Let O be the center of the circle Γ, and P be a point outside of circle Γ. PA is tangential to Γ at A, and PO intersects Γ at D. If PD=14 and PA=42, what is the radius of Γ.
In this case the secant - tangent theorem says
PA^2 = PD x PC , where D in on the extension of PO as it hits the circle , making CD a diameter
Let the diameter be 2x , (radius = x)
(14)(2x+14) = 42^2
28x + 196 = 1764
28x = 1568
x = 56
To find the radius of the circle Γ, we can use a property of tangents to circles.
First, let's draw a diagram to help visualize the situation. We have circle Γ with center O, point P outside the circle, and tangents PA and PD.
Since PA is tangent to the circle at A, we have a right triangle ∆POA, where ∠POA is a right angle.
Now, we can use the Pythagorean theorem to find the length of OP, which is the radius of the circle Γ.
In ∆POA, we have:
PA^2 = OA^2 + OP^2
Given that PA = 42, we can substitute this value into the equation:
42^2 = OA^2 + OP^2
We also know that PD = 14, which means the length of OD is 14. Since OD is a radius of circle Γ, it is equal to OP.
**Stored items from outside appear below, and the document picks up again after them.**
section \<open>\<open>L\<^sup>p\<close> norms and the exponents of the theorem\<close>

lemma in_Lp_subinterval:
  assumes "in_Lp p {a..b} f" "{c..d} \<subseteq> {a..b}"
  shows "in_Lp p {c..d} f"
proof -
  have measurable: "f \<in> borel_measurable (lebesgue_on {c..d})"
    using assms measurable_restrict_mono unfolding in_Lp_def by blast
  show ?thesis
  proof (cases "p = \<infinity>")
    case True
    then obtain C where "AE s in lebesgue_on {a..b}. \<bar>f s\<bar> \<le> C" using assms(1) unfolding in_Lp_def by auto
    then have "AE s in lebesgue_on {c..d}. \<bar>f s\<bar> \<le> C" by (rule AE_lebesgue_on_subset) (use assms(2) in auto)
    then show ?thesis using measurable True unfolding in_Lp_def by auto
  next
    case False
    then show ?thesis
      using measurable assms integrable_subinterval[of a b _ c d] unfolding in_Lp_def by auto
  qed
qed

lemma Lp_norm_on_infinity:
  assumes "AE s in lebesgue_on A. \<bar>f s\<bar> \<le> C"
  shows "0 \<le> Lp_norm_on \<infinity> A f" and "AE s in lebesgue_on A. \<bar>f s\<bar> \<le> Lp_norm_on \<infinity> A f"
proof -
  define S where "S = {C. 0 \<le> C \<and> (AE s in lebesgue_on A. \<bar>f s\<bar> \<le> C)}"
  have N: "Lp_norm_on \<infinity> A f = Inf S" unfolding Lp_norm_on_def S_def by simp
  have "AE s in lebesgue_on A. \<bar>f s\<bar> \<le> max C 0" using assms by eventually_elim auto
  then have "max C 0 \<in> S" unfolding S_def by auto
  then have "S \<noteq> {}" by auto
  then show "0 \<le> Lp_norm_on \<infinity> A f" unfolding N by (intro cInf_greatest) (auto simp: S_def)
  have "AE s in lebesgue_on A. \<bar>f s\<bar> \<le> Inf S + 1 / Suc n" for n
  proof -
    have "Inf S < Inf S + 1 / Suc n" by simp
    then obtain D where "D \<in> S" "D < Inf S + 1 / Suc n" using cInf_lessD[OF \<open>S \<noteq> {}\<close>] by blast
    then have "AE s in lebesgue_on A. \<bar>f s\<bar> \<le> D" unfolding S_def by simp
    then show ?thesis by eventually_elim (use \<open>D < Inf S + 1 / Suc n\<close> in simp)
  qed
  moreover have "(\<lambda>n. Inf S + 1 / Suc n) \<longlonglongrightarrow> Inf S"
    using tendsto_add[OF tendsto_const LIMSEQ_inverse_real_of_nat, of "Inf S"] by (simp add: inverse_eq_divide)
  ultimately have "AE s in lebesgue_on A. \<bar>f s\<bar> \<le> Inf S"
    by (rule AE_le_of_tendsto)
  then show "AE s in lebesgue_on A. \<bar>f s\<bar> \<le> Lp_norm_on \<infinity> A f" unfolding N .
qed

lemma power_integral_Lp_norm_on:
  assumes "in_Lp p A f" "p \<noteq> \<infinity>" "0 < real_of_ereal p"
  shows "0 \<le> Lp_norm_on p A f"
    and "(LINT u|lebesgue_on A. \<bar>f u\<bar> powr real_of_ereal p) = Lp_norm_on p A f powr real_of_ereal p"
proof -
  define P where "P = (LINT u|lebesgue_on A. \<bar>f u\<bar> powr real_of_ereal p)"
  have "0 \<le> P" unfolding P_def by (intro integral_nonneg_AE) auto
  have N: "Lp_norm_on p A f = P powr (1 / real_of_ereal p)" unfolding Lp_norm_on_def P_def using assms by simp
  show "0 \<le> Lp_norm_on p A f" unfolding N by simp
  show "(LINT u|lebesgue_on A. \<bar>f u\<bar> powr real_of_ereal p) = Lp_norm_on p A f powr real_of_ereal p"
    unfolding N P_def[symmetric] using \<open>0 \<le> P\<close> assms(3) by (simp add: powr_powr)
qed

lemma power_integral_le_Lp_norm_on_infinity:
  assumes "in_Lp \<infinity> {0..t} f" "0 \<le> t" "0 \<le> r"
  shows "integrable (lebesgue_on {0..t}) (\<lambda>u. \<bar>f u\<bar> powr r)"
    and "(LINT u|lebesgue_on {0..t}. \<bar>f u\<bar> powr r) \<le> t * Lp_norm_on \<infinity> {0..t} f powr r"
proof -
  define N where "N = Lp_norm_on \<infinity> {0..t} f"
  obtain C where "AE s in lebesgue_on {0..t}. \<bar>f s\<bar> \<le> C" using assms(1) unfolding in_Lp_def by auto
  note N = Lp_norm_on_infinity[OF this, folded N_def]
  have bound: "AE u in lebesgue_on {0..t}. \<bar>f u\<bar> powr r \<le> N powr r"
    using N(2) by eventually_elim (use assms(3) in \<open>auto intro: powr_mono2\<close>)
  have "((\<lambda>u. N powr r) has_integral t * N powr r) {0..t}"
    using has_integral_const_real[of "N powr r" 0 t] assms(2) by simp
  then have const: "integrable (lebesgue_on {0..t}) (\<lambda>u. N powr r)"
    "(LINT u|lebesgue_on {0..t}. N powr r) = t * N powr r"
    by (rule lebesgue_on_has_integral_nonneg; simp)+
  have "f \<in> borel_measurable (lebesgue_on {0..t})" using assms(1) unfolding in_Lp_def by simp
  then have "(\<lambda>u. \<bar>f u\<bar> powr r) \<in> borel_measurable (lebesgue_on {0..t})" by measurable
  then show integrable: "integrable (lebesgue_on {0..t}) (\<lambda>u. \<bar>f u\<bar> powr r)"
    by (rule Bochner_Integration.integrable_bound[OF const(1)]) (use bound in \<open>eventually_elim, auto\<close>)
  have "(LINT u|lebesgue_on {0..t}. \<bar>f u\<bar> powr r) \<le> (LINT u|lebesgue_on {0..t}. N powr r)"
    by (rule integral_mono_AE[OF integrable const(1) bound])
  then show "(LINT u|lebesgue_on {0..t}. \<bar>f u\<bar> powr r) \<le> t * N powr r" using const(2) by linarith
qed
Substituting OD = OP = 14 into the equation, we have:
42^2 = OA^2 + 14^2
Simplifying the equation, we have:
1764 = OA^2 + 196
Subtracting 196 from both sides, we get:
1568 = OA^2
To find the radius of circle Γ, we need to find the value of OA. Taking the square root of both sides, we get:
sqrt(1568) = OA
Using a calculator, we find that sqrt(1568) ≈ 39.54.
Therefore, the radius of circle Γ is approximately 39.54 units.